I own a Labrador, and I occasionally refer to him as a Lavrador. On some occasions I get corrected by annoying people who think they know better.

German

Germans who explain others stuff without being asked, vs. Germans that want to be teachers (True in general, not just for Germans)

So how do you say it - Labrador, or Lavrador? The answer is… who cares?! It’s much more interesting where this word came from!

It’s so amazing how words can grow to shape different meanings.

Labrador means farmer in Spanish (Lavrador in portugese). João Fernandes Lavrador was a Portuguese explorer who sailed in certain regions in Canada, now known as Labrador, and the Labrador sea. The dogs that were “retrieved” from there got their names mixed with the dogs that were taken from Newfoundland (a neighboring area), and actually those from Newfoundland are now called Labrador Retrievers.

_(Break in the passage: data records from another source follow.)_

(* Let $n\ge 3$ be an integer, let $d_0,\dots,d_{n-1}>0$ be real numbers (indices taken modulo $n$), and let $\lambda\in(\tfrac14,1)$. Define $$\alpha_j=\frac{1}{n}\,\frac{d_{j-1}d_{j+2}}{(d_{j-1}+d_{j+1})(d_j+d_{j+2})},\qquad \beta_i=\frac{d_{i-1}(d_{i-2}+d_{i+2})+d_{i+2}(d_{i-1}+d_{i+3})}{\sum_{k=0}^{n-1}(d_k+d_{k+2})(d_{k-1}+d_{k+3})},$$ and the $n\times n$ matrix $Q_n=(Q_{i,j})_{i,j=0}^{n-1}$ by $$Q_{i,j}=\begin{cases}(1-\lambda)\beta_j+2\lambda\alpha_i\left(1+2\cos\frac{2(j-i)\pi}{n}\right), & j\neq i,\\[2pt] \lambda+(1-\lambda)\beta_i-2(n-3)\lambda\alpha_i, & j=i.\end{cases}$$ Then $1$ is an eigenvalue of $Q_n$, $\lambda$ is an eigenvalue of $Q_n$ of multiplicity two, and the remaining $n-3$ eigenvalues $\lambda_4,\dots,\lambda_n$ of $Q_n$ (counted with multiplicity) satisfy $|\lambda_k|<\lambda$; i.e. $\lambda_1=1>\lambda_2=\lambda_3=\lambda>|\lambda_k|$ for $k=4,\dots,n$.
   Context: $Q_n$ is the block of the subdivision matrix of a (tuned hybrid non-uniform) subdivision scheme acting on the $n$ vertices of the polygonal face surrounding an extraordinary vertex of valence $n$, where $d_j$ are the knot intervals of the edges around that face and $\lambda$ is the tuning parameter. Note $\beta_i$ is the coefficient of $P_i$ in $C=\frac{\sum_{i}(d_iP_{i+1}+d_{i+2}P_i)(d_{i-1}+d_{i+3})}{\sum_j(d_j+d_{j+2})(d_{j-1}+d_{j+3})}$. *)

theory Defs
  imports "Jordan_Normal_Form.Char_Poly"
begin

definition dm :: "(nat \<Rightarrow> real) \<Rightarrow> nat \<Rightarrow> int \<Rightarrow> real" where
  "dm d n k = d (nat (k mod int n))"

definition alpha :: "(nat \<Rightarrow> real) \<Rightarrow> nat \<Rightarrow> nat \<Rightarrow> real" where
  "alpha d n j = (let j = int j in
     (1 / real n) * (dm d n (j - 1) * dm d n (j + 2)) /
     ((dm d n (j - 1) + dm d n (j + 1)) * (dm d n j + dm d n (j + 2))))"

definition beta :: "(nat \<Rightarrow> real) \<Rightarrow> nat \<Rightarrow> nat \<Rightarrow> real" where
  "beta d n i = (let i = int i in
     (dm d n (i - 1) * (dm d n (i - 2) + dm d n (i + 2))
      + dm d n (i + 2) * (dm d n (i - 1) + dm d n (i + 3))) /
     (\<Sum>k<n. (dm d n (int k) + dm d n (int k + 2)) * (dm d n (int k - 1) + dm d n (int k + 3))))"

definition Qmat :: "(nat \<Rightarrow> real) \<Rightarrow> nat \<Rightarrow> real \<Rightarrow> real mat" where
  "Qmat d n lam = mat n n (\<lambda>(i, j).
     if j \<noteq> i then (1 - lam) * beta d n j
        + 2 * lam * alpha d n i * (1 + 2 * cos (2 * (real j - real i) * pi / real n))
     else lam + (1 - lam) * beta d n i - 2 * (real n - 3) * lam * alpha d n i)"

end

theory Submission
  imports Defs "Jordan_Normal_Form.Schur_Decomposition"
begin

(* Write c k = cos (2 pi k / n) and s k = sin (2 pi k / n). By the addition formula for the
   cosine, Q = D + (1 - lam) 1 beta^T + E (1 1^T + 2 c c^T + 2 s s^T) with the diagonal matrices
   D = diag (lam (1 - 2 n alpha i)) and E = diag (2 lam alpha i). Since the beta i sum to 1 and
   1, c, s are orthogonal with |c|^2 = |s|^2 = n/2, the span of 1, c, s is invariant:
   Q 1 = 1, and Q c = lam c, Q s = lam s modulo multiples of 1. In a basis extending (1, c, s)
   the matrix is block upper triangular, which splits off the factors for 1, lam, lam. Every
   other eigenvalue mu has a left eigenvector y orthogonal to 1, c, s, and for such y the
   quadratic form y^T Q conj y reduces to the sum of D i |y i|^2; so mu is a weighted mean of
   the D i, and 0 < n alpha i < 1 gives |D i| < lam. *)

section \<open>Sums over the n-th roots of unity\<close>

definition root_cos :: "nat \<Rightarrow> nat \<Rightarrow> real" where
  "root_cos n k = cos (2 * pi * real k / real n)"

definition root_sin :: "nat \<Rightarrow> nat \<Rightarrow> real" where
  "root_sin n k = sin (2 * pi * real k / real n)"

lemma sum_cis_root_of_unity_eq_0:
  fixes n m :: nat
  assumes "n > 0" "\<not> n dvd m"
  shows "(\<Sum>k<n. cis (2 * pi * real m * real k / real n)) = 0"
proof -
  define w where "w = cis (2 * pi * real m / real n)"
  have "w \<noteq> 1"
  proof
    assume "w = 1"
    then obtain k :: int where "2 * pi * real m / real n = 2 * pi * of_int k"
      by (auto simp: w_def complex_eq_iff cos_one_2pi_int)
    with assms have "real m = real n * of_int k" by (simp add: field_simps)
    then have "int m = int n * k"
      by (metis of_int_eq_iff of_int_mult of_int_of_nat_eq)
    then have "int n dvd int m" by simp
    with assms show False by simp
  qed
  have "(\<Sum>k<n. cis (2 * pi * real m * real k / real n)) = (\<Sum>k<n. w ^ k)"
    by (intro sum.cong refl) (auto simp: w_def DeMoivre mult_ac)
  also have "\<dots> = (w ^ n - 1) / (w - 1)"
    using \<open>w \<noteq> 1\<close> by (subst geometric_sum) auto
  also have "w ^ n = cis (2 * pi * real m)" using assms by (auto simp: w_def DeMoivre)
  also have "\<dots> = 1" by (simp add: complex_eq_iff)
  finally show ?thesis by simp
qed

lemma
  fixes n m :: nat
  assumes "n > 0" "\<not> n dvd m"
  shows sum_cos_root_of_unity_eq_0: "(\<Sum>k<n. cos (2 * pi * real m * real k / real n)) = 0"
    and sum_sin_root_of_unity_eq_0: "(\<Sum>k<n. sin (2 * pi * real m * real k / real n)) = 0"
  using arg_cong[OF sum_cis_root_of_unity_eq_0[OF assms], of Re]
    arg_cong[OF sum_cis_root_of_unity_eq_0[OF assms], of Im]
  by simp_all

lemma
  assumes "n \<ge> 3"
  shows sum_root_cos: "(\<Sum>k<n. root_cos n k) = 0"
    and sum_root_sin: "(\<Sum>k<n. root_sin n k) = 0"
    and sum_root_cos_sq: "(\<Sum>k<n. root_cos n k * root_cos n k) = real n / 2"
    and sum_root_sin_sq: "(\<Sum>k<n. root_sin n k * root_sin n k) = real n / 2"
    and sum_root_cos_sin: "(\<Sum>k<n. root_cos n k * root_sin n k) = 0"
proof -
  have n: "n > 0" "\<not> n dvd 1" "\<not> n dvd 2" using assms by (auto dest: dvd_imp_le)
  note sums_1 = sum_cos_root_of_unity_eq_0[OF n(1,2)] sum_sin_root_of_unity_eq_0[OF n(1,2)]
  note sums_2 = sum_cos_root_of_unity_eq_0[OF n(1,3)] sum_sin_root_of_unity_eq_0[OF n(1,3)]
  show "(\<Sum>k<n. root_cos n k) = 0" "(\<Sum>k<n. root_sin n k) = 0"
    using sums_1 by (simp_all add: root_cos_def root_sin_def)
  have cos_sq: "root_cos n k * root_cos n k = 1/2 + cos (2 * pi * real 2 * real k / real n) / 2"
    for k
    unfolding root_cos_def using cos_double_cos[of "2 * pi * real k / real n"]
    by (simp add: power2_eq_square mult_ac) (simp add: field_simps)
  have sin_sq: "root_sin n k * root_sin n k = 1/2 - cos (2 * pi * real 2 * real k / real n) / 2"
    for k
    unfolding root_sin_def using cos_double_sin[of "2 * pi * real k / real n"]
    by (simp add: power2_eq_square mult_ac) (simp add: field_simps)
  have cos_sin: "root_cos n k * root_sin n k = sin (2 * pi * real 2 * real k / real n) / 2" for k
    unfolding root_cos_def root_sin_def using sin_double[of "2 * pi * real k / real n"]
    by (simp add: mult_ac)
  show "(\<Sum>k<n. root_cos n k * root_cos n k) = real n / 2"
    unfolding cos_sq sum.distrib sum_divide_distrib[symmetric] sums_2 by simp
  show "(\<Sum>k<n. root_sin n k * root_sin n k) = real n / 2"
    unfolding sin_sq sum_subtractf sum_divide_distrib[symmetric] sums_2 by simp
  show "(\<Sum>k<n. root_cos n k * root_sin n k) = 0"
    unfolding cos_sin sum_divide_distrib[symmetric] sums_2 by simp
qed

lemma trig_linear_system_trivial:
  fixes x y z :: complex and a :: real
  assumes "sin a \<noteq> 0" "cos a \<noteq> 1"
    and eq0: "x + y = 0"
    and eq1: "x + of_real (cos a) * y + of_real (sin a) * z = 0"
    and eq2: "x + of_real (cos (2 * a)) * y + of_real (sin (2 * a)) * z = 0"
  shows "x = 0" "y = 0" "z = 0"
proof -
  define c s where "c = complex_of_real (cos a)" and "s = complex_of_real (sin a)"
  have "c \<noteq> 1" "s \<noteq> 0" using assms(1,2) by (simp_all add: c_def s_def)
  have "complex_of_real (cos (2 * a)) = 2 * c * c - 1" "complex_of_real (sin (2 * a)) = 2 * s * c"
    by (simp_all add: cos_double_cos sin_double power2_eq_square c_def s_def)
  then have eq2': "x + (2 * c * c - 1) * y + 2 * s * c * z = 0"
    using eq2 by simp
  have "2 * (c - 1) * y = (x + (2 * c * c - 1) * y + 2 * s * c * z)
      - 2 * c * (x + c * y + s * z) + (2 * c - 1) * (x + y)"
    by (simp add: algebra_simps)
  then have "2 * (c - 1) * y = 0" using eq0 eq1 eq2' by (simp add: c_def s_def)
  then show "y = 0" using \<open>c \<noteq> 1\<close> by simp
  then show "x = 0" using eq0 by simp
  then show "z = 0" using eq1 \<open>y = 0\<close> \<open>s \<noteq> 0\<close> by (simp add: s_def)
qed

section \<open>The weights alpha and beta\<close>

lemma sum_lessThan_shift_periodic:
  fixes g :: "int \<Rightarrow> 'a::ab_group_add"
  assumes periodic: "\<And>k. g (k + int n) = g k"
  shows "(\<Sum>k<n. g (int k + c)) = (\<Sum>k<n. g (int k))"
proof -
  have shift_1: "(\<Sum>k<n. h (int k + 1)) = (\<Sum>k<n. h (int k))"
    if "h (int n) = h 0" for h :: "int \<Rightarrow> 'a"
  proof -
    have "(\<Sum>k<n. h (int k)) + h (int n) = h 0 + (\<Sum>k<n. h (int k + 1))"
      using sum.lessThan_Suc_shift[of "\<lambda>k. h (int k)" n] by (simp add: add_ac)
    with that show ?thesis by simp
  qed
  show ?thesis
  proof (induction c rule: int_induct[where k = 0])
    case (step1 i)
    have "(\<Sum>k<n. g (int k + (i + 1))) = (\<Sum>k<n. g (int k + i))"
      using shift_1[of "\<lambda>k. g (k + i)"] periodic[of i] by (simp add: add_ac)
    with step1 show ?case by simp
  next
    case (step2 i)
    have "(\<Sum>k<n. g (int k + i)) = (\<Sum>k<n. g (int k + (i - 1)))"
      using shift_1[of "\<lambda>k. g (k + (i - 1))"] periodic[of "i - 1"] by (simp add: add_ac)
    with step2 show ?case by simp
  qed simp
qed

lemma dm_add_period: "dm d n (k + int n) = dm d n k"
  by (simp add: dm_def)

lemma dm_pos:
  assumes "n > 0" "\<And>i. i < n \<Longrightarrow> d i > 0"
  shows "dm d n k > 0"
  unfolding dm_def using assms
  by (metis Euclidean_Rings.pos_mod_bound Euclidean_Rings.pos_mod_sign nat_less_iff of_nat_0_less_iff)

lemma sum_beta_eq_1:
  assumes "n > 0" "\<And>i. i < n \<Longrightarrow> d i > 0"
  shows "(\<Sum>i<n. beta d n i) = 1"
proof -
  let ?D = "dm d n"
  define den where
    "den = (\<Sum>k<n. (?D (int k) + ?D (int k + 2)) * (?D (int k - 1) + ?D (int k + 3)))"
  have "den > 0" unfolding den_def using assms dm_pos[OF assms]
    by (intro sum_pos) (auto intro!: mult_pos_pos add_pos_pos)
  define g1 where "g1 k = ?D k * ?D (k - 1)" for k
  define g2 where "g2 k = ?D k * ?D (k + 3)" for k
  have "g1 (k + int n) = g1 k" "g2 (k + int n) = g2 k" for k
    using dm_add_period[of d n k] dm_add_period[of d n "k - 1"] dm_add_period[of d n "k + 3"]
    by (simp_all add: g1_def g2_def algebra_simps)
  note shift = sum_lessThan_shift_periodic[of g1, OF this(1)]
    sum_lessThan_shift_periodic[of g2, OF this(2)]
  have "(\<Sum>i<n. beta d n i) = ((\<Sum>i<n. g1 (int i + (-1))) + 2 * (\<Sum>i<n. g2 (int i + (-1)))
      + (\<Sum>i<n. g1 (int i + 3))) / den"
    unfolding beta_def Let_def den_def g1_def g2_def sum_divide_distrib[symmetric]
    by (simp add: sum.distrib sum_distrib_left algebra_simps)
  moreover have "den = (\<Sum>i<n. g1 (int i)) + (\<Sum>i<n. g2 (int i))
      + (\<Sum>i<n. g2 (int i + (-1))) + (\<Sum>i<n. g1 (int i + 3))"
    unfolding den_def g1_def g2_def by (simp add: sum.distrib sum_distrib_left algebra_simps)
  ultimately show ?thesis using \<open>den > 0\<close> unfolding shift by simp
qed

lemma
  assumes "n > 0" "\<And>i. i < n \<Longrightarrow> d i > 0"
  shows n_alpha_pos: "0 < real n * alpha d n i"
    and n_alpha_less_1: "real n * alpha d n i < 1"
proof -
  define x y z w where "x = dm d n (int i - 1)" and "y = dm d n (int i + 2)"
    and "z = dm d n (int i + 1)" and "w = dm d n (int i)"
  have pos: "x > 0" "y > 0" "z > 0" "w > 0"
    unfolding x_def y_def z_def w_def using dm_pos[OF assms] by auto
  have n_alpha: "real n * alpha d n i = x * y / ((x + z) * (w + y))"
    unfolding alpha_def Let_def x_def y_def z_def w_def using assms(1) by simp
  show "0 < real n * alpha d n i" unfolding n_alpha using pos by simp
  have "x * y < (x + z) * (w + y)" using pos by (simp add: algebra_simps add_pos_pos)
  then show "real n * alpha d n i < 1" unfolding n_alpha using pos by simp
qed

section \<open>The matrix as a rank-three perturbation of a diagonal matrix\<close>

lemma Qmat_carrier: "map_mat complex_of_real (Qmat d n lam) \<in> carrier_mat n n"
  by (simp add: Qmat_def)
(* Let $T\in\mathcal{T}^*_3$ with root $v$ and $n$ vertices. Then \[\lambda(T,v)\ge 1+\sum_{j\ge 0}c_j m_j(T,v),\] where the numbers $c_j$ ($j\ge 0$) are defined recursively by \[c_j=1-\frac{1+\frac{j}{2}+\sum_{i=0}^{j-1}c_i}{2^{j+1}+j}\] (so $c_0=\frac12$).
   Context: All trees are finite. A subtree of a tree $T$ is a nonempty vertex set inducing a connected subgraph. For a vertex $v$, $\lambda(T,v)$ is the average number of vertices of a subtree of $T$ containing $v$, averaged uniformly over all subtrees containing $v$. $\mathcal{T}^*_3$ is the set of rooted trees in which the root has degree at least 2 and every other vertex of degree at least 2 has degree at least 3, together with the single-vertex rooted tree. In a rooted tree with root $v$, each vertex $w\neq v$ has as parent its neighbour on the path from $v$ to $w$, and its other neighbours are its children. The rank of a non-root vertex is defined inductively: a vertex with no children has rank 0, and otherwise its rank is one more than the maximum rank of its children (equivalently, the maximum length of a path starting at the vertex and not containing its parent). The root has no rank. $m_j(T,v)$ denotes the number of vertices of rank $j$ when $T$ is rooted at $v$. *)

theory Defs
  imports Main "HOL.Real"
begin

definition sym_graph :: "'a set \<Rightarrow> ('a \<Rightarrow> 'a \<Rightarrow> bool) \<Rightarrow> bool" where
  "sym_graph V E \<longleftrightarrow> (\<forall>x y. E x y \<longrightarrow> E y x \<and> x \<noteq> y \<and> x \<in> V \<and> y \<in> V)"

definition induces_connected :: "('a \<Rightarrow> 'a \<Rightarrow> bool) \<Rightarrow> 'a set \<Rightarrow> bool" where
  "induces_connected E S \<longleftrightarrow> S \<noteq> {} \<and>
     (\<forall>x\<in>S. \<forall>y\<in>S. (\<lambda>a b. E a b \<and> a \<in> S \<and> b \<in> S)\<^sup>*\<^sup>* x y)"

definition edges :: "('a \<Rightarrow> 'a \<Rightarrow> bool) \<Rightarrow> 'a set set" where
  "edges E = {{x, y} | x y. E x y}"

definition is_tree :: "'a set \<Rightarrow> ('a \<Rightarrow> 'a \<Rightarrow> bool) \<Rightarrow> bool" where
  "is_tree V E \<longleftrightarrow> finite V \<and> sym_graph V E \<and> induces_connected E V
     \<and> card (edges E) = card V - 1"

definition degree :: "('a \<Rightarrow> 'a \<Rightarrow> bool) \<Rightarrow> 'a \<Rightarrow> nat" where
  "degree E w = card {u. E w u}"

definition is_path :: "'a set \<Rightarrow> ('a \<Rightarrow> 'a \<Rightarrow> bool) \<Rightarrow> 'a list \<Rightarrow> bool" where
  "is_path V E xs \<longleftrightarrow> xs \<noteq> [] \<and> set xs \<subseteq> V \<and> distinct xs \<and>
     (\<forall>i. Suc i < length xs \<longrightarrow> E (xs ! i) (xs ! Suc i))"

SO, recap - why are Labradors called Labradors? Because they got mixed with the ones actually coming from Labrador, who got their names from a geographical place, who got its name from a Portuguese explorer (after mixing the V with a B), who got his name (probably) because one of his ancestors was a farmer.

Buddy

Buddy - me' ol' Lavrador and I

On a side note - Rotweilers are named after the city of Rotweil, Germany, where it was used by travelling butchers to protect their cattle. (Their full name is Rottweiler “Metzgerhunds”, or “Butchers’ Dogs”). Rotweil (probably) comes from rote Villa / Rutvilla, literally red-villa, which alludes probably to the color of houses of the city in ancient times. So a dog breed name comes from a city name, that comes from the color of a distinguished house colors it had.